‘Zoom fatigue’ is part of the zeitgeist of 2020. Working, studying and living your social life over video call has been a daily experience for so many of us since March and there are few signs that this will change for at least the foreseeable future. For the left, the switch to everything online has provided some benefits – being able to attend a meeting in your living room is convenient on one level and a huge benefit to people who struggle to access physical organising spaces on top of that.
But physical left-wing organising spaces are crucial to movement-building. The Corbyn campaign created the excitement it did in 2015 and 2016 largely by packing out rallies and public meetings. The World Transformed’s end of conference parties exist because they bring us together as socialists to experience collective joy. And in my experience, the radical bookshop is a cornerstone of the physical organising spaces that the left needs to grow.
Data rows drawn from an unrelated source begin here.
lemma U_iso_imp_iso_field:
  assumes "v \<in> U_iso d x0 R" "R \<subseteq> euc_group d" "x0 \<in> carrier_vec d"
  shows "\<exists>c. \<forall>h\<in>R. \<forall>i<d. v h $ i = iso_field d x0 c (h, i)"
proof -
  obtain a S where a: "a \<in> carrier_vec d" and S: "S \<in> skew d"
    and eq: "\<forall>g\<in>R. rot g *\<^sub>v v g = a + S *\<^sub>v (euc_act g x0 - x0)"
    and v: "\<forall>g\<in>R. v g \<in> carrier_vec d"
    using assms(1) unfolding U_iso_def by blast
  define c where "c j = (case j of Inl k \<Rightarrow> a $ k | Inr (k, l) \<Rightarrow> S $$ (k, l) / 2)" for j
  have Sc: "S \<in> carrier_mat d d" and ST: "transpose_mat S = - S"
    using S by (auto simp: skew_def)
  have "iso_coeff_vec d c = a"
    using a by (auto simp: iso_coeff_vec_def c_def)
  moreover have "iso_coeff_skew d c = S"
  proof (rule eq_matI)
    fix k l assume "k < dim_row S" "l < dim_col S"
    moreover have "transpose_mat S $$ (l, k) = (- S) $$ (l, k)" using ST by simp
    ultimately show "iso_coeff_skew d c $$ (k, l) = S $$ (k, l)"
      using Sc by (auto simp: iso_coeff_skew_def c_def)
  qed (use Sc in \<open>auto simp: iso_coeff_skew_def\<close>)
  ultimately have "v h $ i = iso_field d x0 c (h, i)" if "h \<in> R" "i < d" for h i
    using that assms(2,3) eq v orth_transpose_mult_cancel[of h d "v h"] iso_field_eq[of h d x0 i c]
    by auto
  then show ?thesis by blast
qed

lemma iso_field_in_U_iso:
  assumes R: "R \<subseteq> euc_group d" and x0: "x0 \<in> carrier_vec d" and w: "\<forall>h\<in>R. w h \<in> carrier_vec d"
    and field: "\<forall>h\<in>R. \<forall>i<d. w h $ i = iso_field d x0 c (h, i)"
  shows "w \<in> U_iso d x0 R"
  unfolding U_iso_def
proof (intro CollectI conjI bexI[of _ "iso_coeff_vec d c"] bexI[of _ "iso_coeff_skew d c"] ballI)
  fix h assume h: "h \<in> R"
  then have g: "h \<in> euc_group d" using R by auto
  define v where "v = iso_coeff_vec d c + iso_coeff_skew d c *\<^sub>v (euc_act h x0 - x0)"
  have v: "v \<in> carrier_vec d"
    using euc_act_carrier[OF g x0] x0 iso_coeff_carrier[of d c] unfolding v_def
    by (metis add_carrier_vec minus_carrier_vec mult_mat_vec_carrier)
  have "w h = transpose_mat (rot h) *\<^sub>v v"
    using w h field rot_carrier[OF g] iso_field_eq[OF g x0, of _ c]
    by (intro eq_vecI) (auto simp: v_def)
  then show "rot h *\<^sub>v w h = iso_coeff_vec d c + iso_coeff_skew d c *\<^sub>v (euc_act h x0 - x0)"
    using orth_mult_transpose_cancel[OF g v] by (simp add: v_def)
qed (use w iso_coeff_skew_skew in \<open>auto simp: iso_coeff_vec_def\<close>)
lemma tri3_cdf_near_deriv:
  assumes r: "0 < r" and t: "0 < t" "t < 3*r/2"
  shows "(tri3_cdf_near r has_real_derivative tri3_density r t) (at t)"
proof -
  have "3/2*r < sqrt 3 * r" using sqrt3_gt r by (intro mult_strict_right_mono) auto
  then have tr: "t < sqrt 3 * r" using t by linarith
  have "(tri3_cdf_near r has_real_derivative 12 * sqrt 3/(3*r/2)^4
          * (pi*(3*r/2)^2*t/6 - (3*r/2)*t^2 + (sqrt 3/8 + pi/12)*t^3)) (at t)"
    unfolding tri3_cdf_near_def slice_int_near_def
    apply (rule derivative_eq_intros refl | (simp; fail))+
    using r by (simp add: field_simps)
  moreover have "12 * sqrt 3/(3*r/2)^4 * (pi*(3*r/2)^2*t/6 - (3*r/2)*t^2 + (sqrt 3/8 + pi/12)*t^3)
                 = tri3_density r t"
    unfolding tri3_density_def tri3_phi_def tri3_area_def tri3_perimeter_def using t tr r
    apply (simp add: field_simps)
    apply (simp add: sqrt3_mult)
    by algebra
  ultimately show ?thesis by simp
qed

lemma tri3_cdf_far_deriv:
  assumes r: "0 < r" and t: "3*r/2 < t" "t < sqrt 3 * r"
  shows "(tri3_cdf_far r has_real_derivative tri3_density r t) (at t)"
proof -
  define c where "c = 3*r/2"
  have c: "0 < c" "c < t" using r t by (auto simp: c_def)
  have lt: "c^2 < t^2" using c by (intro power_strict_mono) auto
  define S where "S = (\<lambda>t. sqrt (t^2 - c^2))"
  define AS where "AS = (\<lambda>t. arcsin (c/t))"
  have Sp: "S t > 0" "(S t)^2 = t^2 - c^2" using lt by (simp_all add: S_def)
  have e: "sqrt (1 - (c/t)^2) = S t/t"
  proof -
    have "1 - (c/t)^2 = (t^2 - c^2)/t^2" using c by (simp add: field_simps power2_eq_square)
    then show ?thesis using c by (simp add: real_sqrt_divide S_def)
  qed
  have d1: "(S has_real_derivative (t / S t)) (at t)"
    unfolding S_def using lt by (auto intro!: derivative_eq_intros simp: field_simps)
  have d2: "(AS has_real_derivative (-c / (t * S t))) (at t)"
  proof -
    have ct1: "-1 < c/t" "c/t < 1" using c by (auto simp: field_simps)
    have "((\<lambda>t. arcsin (c/t)) has_real_derivative inverse (sqrt (1 - (c/t)^2)) * (-c/t^2)) (at t)"
      by (rule DERIV_chain2[OF DERIV_arcsin])
         (use ct1 c in \<open>auto intro!: derivative_eq_intros simp: power2_eq_square\<close>)
    moreover have "inverse (sqrt (1 - (c/t)^2)) * (-c/t^2) = -c / (t * S t)"
      using e c Sp by (simp add: field_simps power2_eq_square)
    ultimately show ?thesis by (simp add: AS_def)
  qed
  have far: "tri3_cdf_far r = (\<lambda>t. 12 * sqrt 3/c^4 * (- pi*c^2*t^2/6 - c*t^3/3 + (sqrt 3/32 - pi/24)*t^4
        + (c^2*t^2/2 + t^4/8) * AS t + c * S t * (c^2/12 + 13*t^2/24)))"
    by (simp add: fun_eq_iff tri3_cdf_far_def slice_int_far_def c_def S_def AS_def)
  have "(tri3_cdf_far r has_real_derivative 12 * sqrt 3/c^4 * (- pi*c^2*t/3 - c*t^2 + (sqrt 3/8 - pi/6)*t^3
          + (c^2*t + t^3/2) * AS t + 3/2*c*t * S t)) (at t)"
    unfolding far
    apply (rule derivative_eq_intros d1 d2 refl | (simp; fail))+
    using Sp c apply (simp add: field_simps power2_eq_square power3_eq_cube)
    by algebra
  moreover have "12 * sqrt 3/c^4 * (- pi*c^2*t/3 - c*t^2 + (sqrt 3/8 - pi/6)*t^3
          + (c^2*t + t^3/2) * AS t + 3/2*c*t * S t) = tri3_density r t"
  proof -
    have e1: "t * sqrt (1 - (3*r/(2*t))^2) = S t" using e c unfolding c_def by (simp add: field_simps)
    have e2: "arcsin (3*r/(2*t)) = AS t" unfolding AS_def c_def by (simp add: field_simps)
    have rr: "r = 2*c/3" unfolding c_def by simp
    have "\<not> t < 3*r/2" using t by simp
    then show ?thesis
      unfolding tri3_density_def tri3_phi_def tri3_area_def tri3_perimeter_def using t r
      apply (simp add: e1 e2)
      unfolding rr using c apply (simp add: field_simps)
      apply (simp add: sqrt3_mult)
      by algebra
  qed
  ultimately show ?thesis by simp
qed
I’ve been working at the People’s Bookshop, a radical bookshop up three flights of stairs in a medieval alleyway in Durham, since I was at school. In my first year at the bookshop, Corbyn was the newly-elected Labour leader and the bookshop was humming with newly-radicalised people of all ages and backgrounds. We used the space for phone banking in the 2016 Labour leadership election, used it as a meeting point for rallies; or simply just used it to chat to fellow activists of all experience levels, educating each other over a cup of tea and a Greggs pasty. We have held book talks, film screenings, political theory discussions, allowed local activist groups to meet without worrying about room booking costs. In many ways, radical bookshops provide a space and framework for activists to learn and develop.
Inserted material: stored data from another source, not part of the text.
lemma directional_derivatives_commute:
  fixes f :: "'a::real_normed_vector \<Rightarrow> real"
  assumes S: "open S" "p \<in> S" and df: "\<forall>q\<in>S. f differentiable at q"
    and dA: "((\<lambda>q. frechet_derivative f (at q) a) has_derivative A) (at p)"
    and dB: "((\<lambda>q. frechet_derivative f (at q) b) has_derivative B) (at p)"
  shows "A b = B a"
proof -
  have swap: "f (p + h *\<^sub>R b + h *\<^sub>R a) - f (p + h *\<^sub>R b) - f (p + h *\<^sub>R a) + f p
      = f (p + h *\<^sub>R a + h *\<^sub>R b) - f (p + h *\<^sub>R a) - f (p + h *\<^sub>R b) + f p" for h
    by (simp add: add.assoc add.commute[of "h *\<^sub>R a"])
  have "\<bar>A b - B a\<bar> \<le> 2 * \<epsilon>" if \<epsilon>: "\<epsilon> > 0" for \<epsilon>
  proof -
    let ?\<Delta> = "\<lambda>h. f (p + h *\<^sub>R a + h *\<^sub>R b) - f (p + h *\<^sub>R a) - f (p + h *\<^sub>R b) + f p"
    note eA = second_difference_estimate[OF S df dA \<epsilon>, of b]
    note eB = second_difference_estimate[OF S df dB \<epsilon>, of a, unfolded swap]
    obtain h where h: "0 < h" "\<bar>?\<Delta> h - h\<^sup>2 * A b\<bar> \<le> \<epsilon> * h\<^sup>2"
      "\<bar>?\<Delta> h - h\<^sup>2 * B a\<bar> \<le> \<epsilon> * h\<^sup>2"
      using eventually_happens'[OF _ eventually_conj[OF eventually_at_right_less eventually_conj[OF eA eB]]]
      by auto
    have "h\<^sup>2 * \<bar>A b - B a\<bar> = \<bar>h\<^sup>2 * A b - h\<^sup>2 * B a\<bar>"
      by (simp add: abs_mult flip: right_diff_distrib)
    also have "\<dots> \<le> 2 * (\<epsilon> * h\<^sup>2)"
      using h(2,3) unfolding abs_le_iff by linarith
    also have "\<dots> = h\<^sup>2 * (2 * \<epsilon>)" by simp
    finally show ?thesis
      using mult_le_cancel_left_pos[of "h\<^sup>2"] h(1) by simp
  qed
  then have "\<bar>A b - B a\<bar> \<le> 0 + e" if "e > 0" for e
    using that by (metis add_0 half_gt_zero mult_2 field_sum_of_halves)
  then show ?thesis
    using field_le_epsilon[of "\<bar>A b - B a\<bar>" 0] by simp
qed

lemma frechet_derivative_zero_at_minimum:
  fixes f :: "'a::real_normed_vector \<Rightarrow> real"
  assumes "open U" "q \<in> U" "\<forall>y\<in>U. f q \<le> f y" "f differentiable at q"
  shows "frechet_derivative f (at q) = (\<lambda>h. 0)"
proof (rule has_derivative_local_min)
  show "(f has_derivative frechet_derivative f (at q)) (at q)"
    using assms(4) frechet_derivative_works by blast
  show "\<forall>\<^sub>F y in at q. f q \<le> f y"
    unfolding eventually_at_topological using assms(1-3) by blast
qed

lemma smooth_on_differentiable_at:
  assumes "smooth_on U f" "open U" "q \<in> U"
  shows "f differentiable at q" "(\<lambda>x. frechet_derivative f (at x) w) differentiable at q"
proof -
  have "C_k_on (Suc (Suc 0)) U f" using assms(1) smooth_on_def by blast
  then have "f differentiable_on U" "(\<lambda>x. frechet_derivative f (at x) w) differentiable_on U"
    by (simp_all only: C_k_on.simps)
  then show "f differentiable at q" "(\<lambda>x. frechet_derivative f (at x) w) differentiable at q"
    using assms(2,3) differentiable_on_eq_differentiable_at by blast+
qed
(* Let $x,w\in W$ and $s=s_\alpha$ with $\alpha$ a simple root, and assume $x<w$, $sw<w$ and $x<sx$. If $\#S(x,w)=\ell(w)-\ell(x)$, then $S(x,sw)=S(x,w)\setminus\{-w^{-1}\alpha\}$.
   Context: Let $W$ be the Weyl group of a finite reduced root system $\Phi$ with positive roots $\Phi_+$, length $\ell$ and Bruhat order $\le$. For $x\le w$, $S(x,w)=\{\beta\in\Phi_+: x\le ws_\beta<w\}$. *)

theory Defs
  imports "HOL-Analysis.Analysis"
begin

definition refl :: "'a::real_inner \<Rightarrow> 'a \<Rightarrow> 'a" where
  "refl a v = v - (2 * (v \<bullet> a) / (a \<bullet> a)) *\<^sub>R a"

definition root_system :: "'a::euclidean_space set \<Rightarrow> bool" where
  "root_system \<Phi> \<longleftrightarrow> finite \<Phi> \<and> 0 \<notin> \<Phi> \<and> span \<Phi> = UNIV
     \<and> (\<forall>a\<in>\<Phi>. \<forall>b\<in>\<Phi>. refl a b \<in> \<Phi>)
     \<and> (\<forall>a\<in>\<Phi>. \<forall>b\<in>\<Phi>. 2 * (b \<bullet> a) / (a \<bullet> a) \<in> \<int>)
     \<and> (\<forall>a\<in>\<Phi>. \<forall>c::real. c *\<^sub>R a \<in> \<Phi> \<longrightarrow> c = 1 \<or> c = -1)"

definition positive_system :: "'a::euclidean_space set \<Rightarrow> 'a set \<Rightarrow> bool" where
  "positive_system \<Phi> P \<longleftrightarrow> P \<subseteq> \<Phi> \<and>
     (\<exists>u. (\<forall>b\<in>\<Phi>. u \<bullet> b \<noteq> 0) \<and> P = {b\<in>\<Phi>. u \<bullet> b > 0})"

definition simple_roots :: "'a::euclidean_space set \<Rightarrow> 'a set" where
  "simple_roots P = {a\<in>P. \<not> (\<exists>b\<in>P. \<exists>c\<in>P. a = b + c)}"

inductive_set weyl_group :: "'a::euclidean_space set \<Rightarrow> ('a \<Rightarrow> 'a) set" for \<Phi> where
  weyl_id: "id \<in> weyl_group \<Phi>"
| weyl_step: "w \<in> weyl_group \<Phi> \<Longrightarrow> a \<in> \<Phi> \<Longrightarrow> refl a \<circ> w \<in> weyl_group \<Phi>"

definition word_prod :: "'a::euclidean_space list \<Rightarrow> 'a \<Rightarrow> 'a" where
  "word_prod as = foldr (\<lambda>a f. refl a \<circ> f) as id"

definition weyl_length :: "'a::euclidean_space set \<Rightarrow> ('a \<Rightarrow> 'a) \<Rightarrow> nat" where
  "weyl_length P w = (LEAST n. \<exists>as. set as \<subseteq> simple_roots P \<and> length as = n \<and> word_prod as = w)"

inductive bruhat_le :: "'a::euclidean_space set \<Rightarrow> 'a set \<Rightarrow> ('a \<Rightarrow> 'a) \<Rightarrow> ('a \<Rightarrow> 'a) \<Rightarrow> bool"
  for \<Phi> P where
  bruhat_refl: "x \<in> weyl_group \<Phi> \<Longrightarrow> bruhat_le \<Phi> P x x"
| bruhat_step: "bruhat_le \<Phi> P x y \<Longrightarrow> b \<in> P \<Longrightarrow>
     weyl_length P y < weyl_length P (y \<circ> refl b) \<Longrightarrow> bruhat_le \<Phi> P x (y \<circ> refl b)"
(* Let $q$ be a prime power and $r\ge1$ an integer. For every integer $j$ with $0\le j\le q^r+1$ there exists a $q^r$-divisible set of points in a projective space over $\mathbb{F}_q$ of cardinality $$n=\frac{q^{2r}-1}{q-1}+j\cdot\left((q-1)q^r-\frac{q^r-1}{q-1}\right).$$
   Context: Points are $1$-dimensional subspaces of $\mathbb{F}_q^v$. A set $\mathcal{C}$ of points is $\Delta$-divisible if there is an integer $u$ with $|\mathcal{C}\cap H|\equiv u\pmod{\Delta}$ for every hyperplane $H$ of $\mathbb{F}_q^v$, where $\mathcal{C}\cap H$ is the set of points of $\mathcal{C}$ contained in $H$. *)

theory Defs
  imports Main "HOL-Library.Cardinality" "HOL-Number_Theory.Cong"
begin

text \<open>The ambient space F_q^v is modelled as the vectors x :: nat => 'a
  (with 'a a finite field of order q) whose coordinates vanish outside {0..<v}.\<close>

definition vecs :: "nat \<Rightarrow> (nat \<Rightarrow> 'a::field) set" where
  "vecs v = {x. \<forall>i\<ge>v. x i = 0}"

definition points :: "nat \<Rightarrow> (nat \<Rightarrow> 'a::field) set set" where
  "points v = {{(\<lambda>i. c * x i) | c. True} | x. x \<in> vecs v \<and> x \<noteq> (\<lambda>i. 0)}"

definition hyperplanes :: "nat \<Rightarrow> (nat \<Rightarrow> 'a::field) set set" where
  "hyperplanes v = {{x \<in> vecs v. (\<Sum>i<v. a i * x i) = 0} | a.
                     (\<exists>i<v. a i \<noteq> 0)}"

definition divisible_pts :: "nat \<Rightarrow> nat \<Rightarrow> (nat \<Rightarrow> 'a::field) set set \<Rightarrow> bool" where
  "divisible_pts v \<Delta> C \<longleftrightarrow> C \<subseteq> points v \<and>
     (\<exists>u::nat. \<forall>H \<in> hyperplanes v. [card {P \<in> C. P \<subseteq> H} = u] (mod \<Delta>))"

end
After decades of neoliberalism and austerity, these kinds of spaces have been slowly, and deliberately, removed from all aspects of our life. In our last issue, Morag Rose wrote about the policing of public space and Oli Carter-Esdale on the contested political space that is the pub. Public libraries have been devastated by austerity. Radical bookshops are not a substitute for libraries and all of the other public institutions that austerity has eroded. But they can be an example of how leftists can build organisations that serve their communities. Gay’s the Word, the LGBT+ bookshop featured in the film Pride, demonstrates this beautifully.
I spoke to Mandy from the News From Nowhere collective, a bookshop that has served Liverpool’s left-wing communities since 1976. News From Nowhere is run by an all-women collective who refer to themselves as ‘the real Amazons’ – Jeff Bezos be warned. Mandy tells me that keeping online orders running has been difficult in lockdown, as has supporting each other through isolation. Choosing to buy from News From Nowhere (they are still taking orders) instead of Amazon could provide a lifeline to the iconic shop, who are really missing out on both the trade and community of the in-person events they regularly set up stalls at.
Covid-19 is the latest challenge for radical bookshops as they fight to survive in an Amazon-dominated, austerity-ravaged landscape. By exerting what little power we have as consumers and choosing to spend our money in shops like News From Nowhere, we can preserve these vital pieces of left-wing infrastructure.
Through the People’s Bookshop, I have made friends for life. Having a space where we can simply exist – not by virtue of being a consumer – has been immensely valuable for our consciousness-raising as young activists. Mark Fisher’s writings on Acid Communism encouraged us to replicate the counterculture of the 1960’s and 70’s and imagine an alternative to capitalism through collective joy. The collective joy that I have experienced both through the Bookshop and in wider left organising has kept me going through the worst of the last 5 years and keeps me fighting for an alternative to capitalism. That is too valuable to lose.